Details of this essentially univariate test are given in Allen and Robertson-1996. The usefulness of the test depends in an essential way on the channels being uncorrelated at zero lag or very nearly so. In the example at hand, the decorrelation condition holds exactly, since we use the PCs of spatial EOF analysis. When using time series from grid points that are sufficiently far from each other for decorrelation to be near-perfect, the test can still be useful.

In this test, the data series together with a large ensemble of red-noise surrogates are projected onto the eigenmodes of the reduced covariance matrix of either the data or the noise. The statistical significance of the projections is estimated as in the single-channel test. The noise surrogates are constructed to consist of univariate AR(1) segments, one per channel, that match the data in autocovariance at lag 0 and lag 1, channel-by-channel. The reason an essentially univariate test can be applied is because the eigenmodes do not depend on cross-channel lag-covariance, provided N' is interpreted as the spectral window used in Eq. (11).

Varimax Rotation

The EOFs rotation has been introduced orginally as modification of standard PCA.
Spatial orthogonality of EOFs and temporal orthogonality of PCs coming from PCA impose certain limits on physical interpretability. This is because physical processes are not independent, and therefore physical modes are expected in general to be non-orthogonal. To help overcome these difficulties and gain easy interpretation, a number of methods have been proposed.

Method based simply on rotating the EOF patterns, seems to be the most widely used because of its relative simplicity. The method attempts to rotate a fixed number of EOF patterns using typically an orthogonal rotation matrix subject to maximizing given simplicity criterion. The EOFs can be either unscaled or scaled by the square root of the associated eigenvalues. The most well-known and used rotation algorithm is the VARIMAX criterion that attempts to simplify the structure of the EOFs patterns by pushing the EOF coefficients towards zero, or ±1.

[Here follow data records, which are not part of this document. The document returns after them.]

lemma Rsubmod_wop:
  fixes M :: "'a::idom fract set"
  assumes M: "Rsubmod M"
  shows "Rsubmod (wop M)"
  unfolding Rsubmod_def
proof (intro conjI ballI)
  show "0 \<in> wop M" using subset_wop[OF M] Rsubmod_0[OF M] by blast
next
  fix x y assume "x \<in> wop M" "y \<in> wop M"
  then obtain A B where A: "is_GV A" "\<forall>g\<in>A. x * g \<in> M" and B: "is_GV B" "\<forall>g\<in>B. y * g \<in> M"
    unfolding wop_iff by blast
  have "(x + y) * g \<in> M" if "g \<in> setmult A B" for g
  proof -
    have "x * g \<in> M" "y * g \<in> M"
      using that setmult_GV_subset[OF A(1) B(1)] A(2) B(2) by blast+
    then show ?thesis using Rsubmod_add[OF M] by (simp add: distrib_right)
  qed
  then show "x + y \<in> wop M"
    unfolding wop_iff using is_GV_setmult[OF A(1) B(1)] by blast
next
  fix r x :: "'a fract" assume r: "r \<in> Rset" and "x \<in> wop M"
  then obtain A where A: "is_GV A" "\<forall>g\<in>A. x * g \<in> M" unfolding wop_iff by blast
  then have "\<forall>g\<in>A. r * x * g \<in> M"
    using Rsubmod_smult[OF M r] by (simp add: mult.assoc)
  then show "r * x \<in> wop M"
    unfolding wop_iff using A(1) by blast
qed

text \<open>If \<open>x G \<subseteq> M\<^sub>w\<close> with \<open>G\<close> generated by \<open>F\<close>, the GV-ideals witnessing \<open>x f \<in> M\<^sub>w\<close>
  for \<open>f \<in> F\<close> have a common GV-subideal \<open>Q\<close>, and then \<open>G Q\<close> witnesses \<open>x \<in> M\<^sub>w\<close>.\<close>

lemma wop_wop:
  assumes M: "Rsubmod M"
  shows "wop (wop M) = wop M"
proof (rule antisym)
  show "wop (wop M) \<subseteq> wop M"
  proof
    fix x assume "x \<in> wop (wop M)"
    then obtain G where G: "is_GV G" "\<forall>g\<in>G. x * g \<in> wop M" unfolding wop_iff by blast
    obtain F where F: "finite F" "G = Rspan F"
      using G(1) unfolding is_GV_def fg_ideal_def by blast
    have "\<forall>f\<in>F. \<exists>H. is_GV H \<and> (\<forall>h\<in>H. x * f * h \<in> M)"
      using G(2) F(2) Rspan_base unfolding wop_iff by blast
    then obtain H where H: "\<forall>f\<in>F. is_GV (H f) \<and> (\<forall>h\<in>H f. x * f * h \<in> M)"
      by metis
    obtain Q where Q: "is_GV Q" "\<forall>f\<in>F. Q \<subseteq> H f"
      using GV_lower_bound[OF F(1), of H] H by blast
    have "setmult G Q \<subseteq> {z. x * z \<in> M}"
    proof (rule setmult_least[OF Rsubmod_premult[OF M]])
      fix g q assume g: "g \<in> G" and q: "q \<in> Q"
      have "\<forall>f\<in>F. x * f * q \<in> M"
        using H Q(2) q by blast
      then have "\<forall>f\<in>F. (x * q) * f \<in> M"
        by (simp add: ac_simps)
      then have "(x * q) * g \<in> M" using mult_Rspan_mem[OF M] g F(2) by blast
      then show "g * q \<in> {z. x * z \<in> M}" by (simp add: ac_simps)
    qed
    then show "x \<in> wop M"
      unfolding wop_iff using is_GV_setmult[OF G(1) Q(1)] by blast
  qed
qed (rule subset_wop[OF Rsubmod_wop[OF M]])

lemma wop_Rset: "wop Rset = (Rset :: 'a::idom fract set)"
proof (rule antisym)
  show "wop Rset \<subseteq> (Rset :: 'a fract set)"
  proof
    fix x :: "'a fract" assume "x \<in> wop Rset"
    then obtain G where "is_GV G" "x \<in> finv G"
      unfolding wop_iff finv_def colon_def by blast
    then show "x \<in> Rset" using finv_GV by blast
  qed
qed (rule subset_wop[OF Rsubmod_Rset])

lemma tclos_subset_Rset: "tclos M \<subseteq> Rset"
proof
  fix x assume "x \<in> tclos M"
  then obtain J where "fg_ideal J" "x \<in> vop J"
    unfolding tclos_def by blast
  then show "x \<in> Rset" using vop_subset_Rset[OF fg_ideal_subset_Rset] by blast
qed

lemma tclos_eq_Rset_iff: "tclos M = Rset \<longleftrightarrow> (\<exists>H. is_GV H \<and> H \<subseteq> M)"
proof
  assume "tclos M = Rset"
  then have "1 \<in> tclos M" using Rset_1 by simp
  then obtain H where H: "fg_ideal H" "H \<subseteq> M" "1 \<in> vop H"
    unfolding tclos_def by blast
  then have "is_GV H"
    unfolding is_GV_def using vop_eq_Rset_if_one_mem[OF fg_ideal_subset_Rset[OF H(1)] H(3)] by simp
  then show "\<exists>H. is_GV H \<and> H \<subseteq> M" using H(2) by blast
next
  assume "\<exists>H. is_GV H \<and> H \<subseteq> M"
  then obtain H where H: "fg_ideal H" "vop H = Rset" "H \<subseteq> M"
    unfolding is_GV_def by blast
  then have "vop H \<subseteq> tclos M" unfolding tclos_def by blast
  then show "tclos M = Rset"
    using H(2) tclos_subset_Rset[of M] by simp
qed

lemma PvMD_iff_GV:
  "PvMD TYPE('a::idom) \<longleftrightarrow>
     (\<forall>I :: 'a fract set. fg_ideal I \<and> I \<noteq> {0} \<longrightarrow> (\<exists>H. is_GV H \<and> H \<subseteq> setmult I (finv I)))"
  unfolding PvMD_def tclos_eq_Rset_iff ..

subsection \<open>\<open>w\<close>-reductions in a P\<open>v\<close>MD\<close>

lemma setmult_setmult_finv_subset:
  assumes J: "Rsubmod J"
  shows "setmult (setmult J A) (finv A) \<subseteq> J"
proof (rule setmult_least[OF J])
  fix z \<beta> assume z: "z \<in> setmult J A" and \<beta>: "\<beta> \<in> finv A"
  have "setmult J A \<subseteq> {z. \<beta> * z \<in> J}"
  proof (rule setmult_least[OF Rsubmod_premult[OF J]])
    fix j \<alpha> assume "j \<in> J" "\<alpha> \<in> A"
    then have "(\<beta> * \<alpha>) * j \<in> J"
      using \<beta> Rsubmod_smult[OF J] unfolding finv_def colon_def by blast
    then show "j * \<alpha> \<in> {z. \<beta> * z \<in> J}" by (simp add: ac_simps)
  qed
  then have "\<beta> * z \<in> J" using z by blast
  then show "z * \<beta> \<in> J" by (simp add: mult.commute)
qed

lemma wop_setmult_finv_mem:
  assumes J: "Rsubmod J" and x: "x \<in> wop (setmult J A)" and \<beta>: "\<beta> \<in> finv A"
  shows "x * \<beta> \<in> wop J"
proof -
  obtain G where G: "is_GV G" "\<forall>g\<in>G. x * g \<in> setmult J A"
    using x unfolding wop_iff by blast
  have "(x * g) * \<beta> \<in> J" if "g \<in> G" for g
    using setmult_mem[OF G(2)[rule_format, OF that] \<beta>] setmult_setmult_finv_subset[OF J] by blast
  then have "\<forall>g\<in>G. (x * \<beta>) * g \<in> J"
    by (simp add: ac_simps)
  then show ?thesis unfolding wop_iff using G(1) by blast
qed

text \<open>Cancellation of a \<open>t\<close>-invertible factor up to \<open>w\<close>-closure.\<close>

lemma wop_subset_cancel:
  assumes J: "Rsubmod J" and H: "is_GV H" "H \<subseteq> setmult A (finv A)"
    and IA: "wop (setmult I A) \<subseteq> wop (setmult J A)"
  shows "wop I \<subseteq> wop J"
proof
  have trace_mult: "y * z \<in> wop J" if y: "y \<in> I" and z: "z \<in> setmult A (finv A)" for y z
  proof -
    have "setmult A (finv A) \<subseteq> {z. y * z \<in> wop J}"
    proof (rule setmult_least[OF Rsubmod_premult[OF Rsubmod_wop[OF J]]])
      fix \<alpha> \<beta> assume \<alpha>: "\<alpha> \<in> A" and \<beta>: "\<beta> \<in> finv A"
      have "y * \<alpha> \<in> wop (setmult J A)"
        using IA subset_wop[OF Rsubmod_setmult] setmult_mem[OF y \<alpha>] by blast
      then have "y * \<alpha> * \<beta> \<in> wop J"
        using wop_setmult_finv_mem[OF J _ \<beta>] by blast
      then show "\<alpha> * \<beta> \<in> {z. y * z \<in> wop J}"
        by (simp add: mult.assoc)
    qed
    then show ?thesis using z by blast
  qed
  fix x assume "x \<in> wop I"
  then obtain G where G: "is_GV G" "\<forall>g\<in>G. x * g \<in> I" unfolding wop_iff by blast
  have "setmult G H \<subseteq> {z. x * z \<in> wop J}"
  proof (rule setmult_least[OF Rsubmod_premult[OF Rsubmod_wop[OF J]]])
    fix g h assume "g \<in> G" "h \<in> H"
    then have "(x * g) * h \<in> wop J" using trace_mult G(2) H(2) by blast
    then show "g * h \<in> {z. x * z \<in> wop J}" by (simp add: ac_simps)
  qed
  then have "x \<in> wop (wop J)"
    unfolding wop_iff using is_GV_setmult[OF G(1) H(1)] by blast
  then show "x \<in> wop J" using wop_wop[OF J] by simp
qed

lemma w_basic_if_PvMD:
  assumes P: "PvMD TYPE('a::idom)" and I: "fg_ideal (I :: 'a fract set)" "I \<noteq> {0}"
  shows "w_basic I"
  unfolding w_basic_def
proof (intro allI impI)
  fix J assume "w_reduction J I"
  then obtain n where J: "int_ideal J" "J \<subseteq> I"
    and eq: "wop (setmult J (ipow I n)) = wop (ipow I (Suc n))"
    unfolding w_reduction_def by blast
  obtain a where a: "a \<in> I" "a \<noteq> 0"
    using I Rsubmod_0[OF fg_ideal_Rsubmod] by blast
  have "a ^ n \<in> ipow I n" "a ^ n \<noteq> 0"
    using power_mem_ipow[OF a(1)] a(2) by simp_all
  then have "ipow I n \<noteq> {0}" by blast
  then obtain H where H: "is_GV H" "H \<subseteq> setmult (ipow I n) (finv (ipow I n))"
    using P[unfolded PvMD_iff_GV] fg_ideal_ipow[OF I(1)] by blast
  have "Rsubmod J" using J(1) unfolding int_ideal_def by blast
  then have "wop I \<subseteq> wop J"
    using wop_subset_cancel[OF _ H] equalityD2[OF eq] by simp
  then show "wop J = wop I" using wop_mono[OF J(2)] by blast
qed

subsection \<open>From \<open>w\<close>-basic ideals to \<open>t\<close>-invertibility\<close>

lemma wop_eq_if_reduction:
  assumes "w_basic I" "Rsubmod I" "int_ideal J" "J \<subseteq> I"
    and "setmult I I \<subseteq> setmult J I"
  shows "wop J = wop I"
proof -
  have "setmult J I = setmult I I"
    using assms(4,5) setmult_mono by blast
  then have "w_reduction J I"
    unfolding w_reduction_def using assms(2-4)
    by (intro conjI exI[of _ 1]) (simp_all add: setmult_Rset)
  then show ?thesis using assms(1) unfolding w_basic_def by blast
qed

text \<open>Since \<open>(b)\<close> is a reduction of \<open>(b, be)\<close>, \<open>be\<close> lies in \<open>(b)\<^sub>w\<close>, i.e. \<open>e \<in> R\<^sub>w = R\<close>.\<close>

lemma quadratic_integral_mem_Rset:
  assumes basic: "w_basic (Rspan {b, b * e})"
    and b: "b \<in> Rset" "b \<noteq> 0" "b * e \<in> Rset" and h: "h \<in> Rset" and c: "c \<in> Rset"
    and eq: "e * e = h * e - c"
  shows "e \<in> Rset"
proof -
  define I where "I = Rspan {b, b * e}"
  define J where "J = Rspan {b}"
  have sI: "Rsubmod I" unfolding I_def by (rule Rsubmod_Rspan)
  have fgJ: "fg_ideal J" unfolding J_def using b(1) by (intro fg_idealI) auto
  have JI: "J \<subseteq> I" unfolding I_def J_def by (rule Rspan_mono) blast
  have "b \<in> J" "b \<in> I" "b * e \<in> I"
    unfolding I_def J_def by (simp_all add: Rspan_base)
  then have gens: "b * b \<in> setmult J I" "b * (b * e) \<in> setmult J I"
    using setmult_mem by blast+
  have "b * e * (b * e) = (b * b) * (e * e)"
    by (simp add: ac_simps)
  also have "\<dots> = h * (b * (b * e)) - c * (b * b)"
    unfolding eq by (simp add: algebra_simps)
  also have "\<dots> \<in> setmult J I"
    using Rsubmod_diff[OF Rsubmod_setmult Rsubmod_smult[OF Rsubmod_setmult h gens(2)]
        Rsubmod_smult[OF Rsubmod_setmult c gens(1)]] .
  finally have "x * y \<in> setmult J I" if "x \<in> {b, b * e}" "y \<in> {b, b * e}" for x y
    using that gens by (auto simp: mult.commute)
  then have "setmult I I \<subseteq> setmult J I"
    unfolding I_def by (rule setmult_Rspan_subset[OF Rsubmod_setmult])
  then have "wop J = wop I"
    by (rule wop_eq_if_reduction[OF basic[folded I_def] sI fg_ideal_int_ideal[OF fgJ] JI])
  moreover have "b * e \<in> wop I"
    using subset_wop[OF sI] \<open>b * e \<in> I\<close> by blast
  ultimately have "b * e \<in> wop J" by simp
  then obtain G where G: "is_GV G" "\<forall>g\<in>G. b * e * g \<in> Rspan {b}"
    unfolding wop_iff J_def by blast
  have "e * g \<in> Rset" if "g \<in> G" for g
  proof -
    have "b * e * g \<in> Rspan {b}" using G(2) that by blast
    then obtain r where r: "r \<in> Rset" "b * e * g = r * b"
      unfolding Rspan_singleton by auto
    then have "b * (e * g) = b * r" by (simp add: ac_simps)
    then show ?thesis using b(2) r(1) by simp
  qed
  then have "e \<in> wop Rset" unfolding wop_iff using G(1) by blast
  then show "e \<in> Rset" by (simp add: wop_Rset)
qed

text \<open>\<open>u \<in> trace_gens F\<close> iff \<open>u \<in> R\<close> and \<open>u = k x\<close> with \<open>k \<in> F\<close>, \<open>x \<in> (Rspan F)\<^sup>-\<^sup>1\<close>.\<close>

definition trace_gens :: "'a::idom fract set \<Rightarrow> 'a fract set" where
  "trace_gens F = {u \<in> Rset. \<exists>k\<in>F. \<forall>l\<in>F. u * l / k \<in> Rset}"

lemma Rspan_trace_gens_subset:
  assumes "0 \<notin> F"
  shows "Rspan (trace_gens F) \<subseteq> setmult (Rspan F) (finv (Rspan F))"
proof (rule Rspan_least[OF Rsubmod_setmult], rule subsetI)
  fix u assume "u \<in> trace_gens F"
  then obtain k where k: "k \<in> F" "\<forall>l\<in>F. u / k * l \<in> Rset"
    unfolding trace_gens_def by auto
  then have "u / k \<in> finv (Rspan F)"
    unfolding finv_def colon_def using mult_Rspan_mem[OF Rsubmod_Rset] by blast
  then have "k * (u / k) \<in> setmult (Rspan F) (finv (Rspan F))"
    using setmult_mem[OF Rspan_base[OF k(1)]] by blast
  then show "u \<in> setmult (Rspan F) (finv (Rspan F))"
    using k(1) assms by (metis nonzero_mult_div_cancel_left times_divide_eq_right)
qed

Recently, Groth and Ghil (2011) have demonstrated that a classical M-SSA analysis suffers from a degeneracy problem, with eigenvectors not well separating between distinct oscillations when the corresponding eigenvalues are similar in size. This problem is a shortcoming of principal component analysis in general, not just of M-SSA in particular. In order to reduce mixture effects and to improve the physical interpretation, Groth and Ghil (2011) have proposed a subsequent varimax rotation of the ST-EOFs. To avoid a loss of spectral properties (Plaut and Vautard 1994), they have introduced a slight modification of the common varimax rotation that takes the spatio-temporal structure of ST-EOFs into account.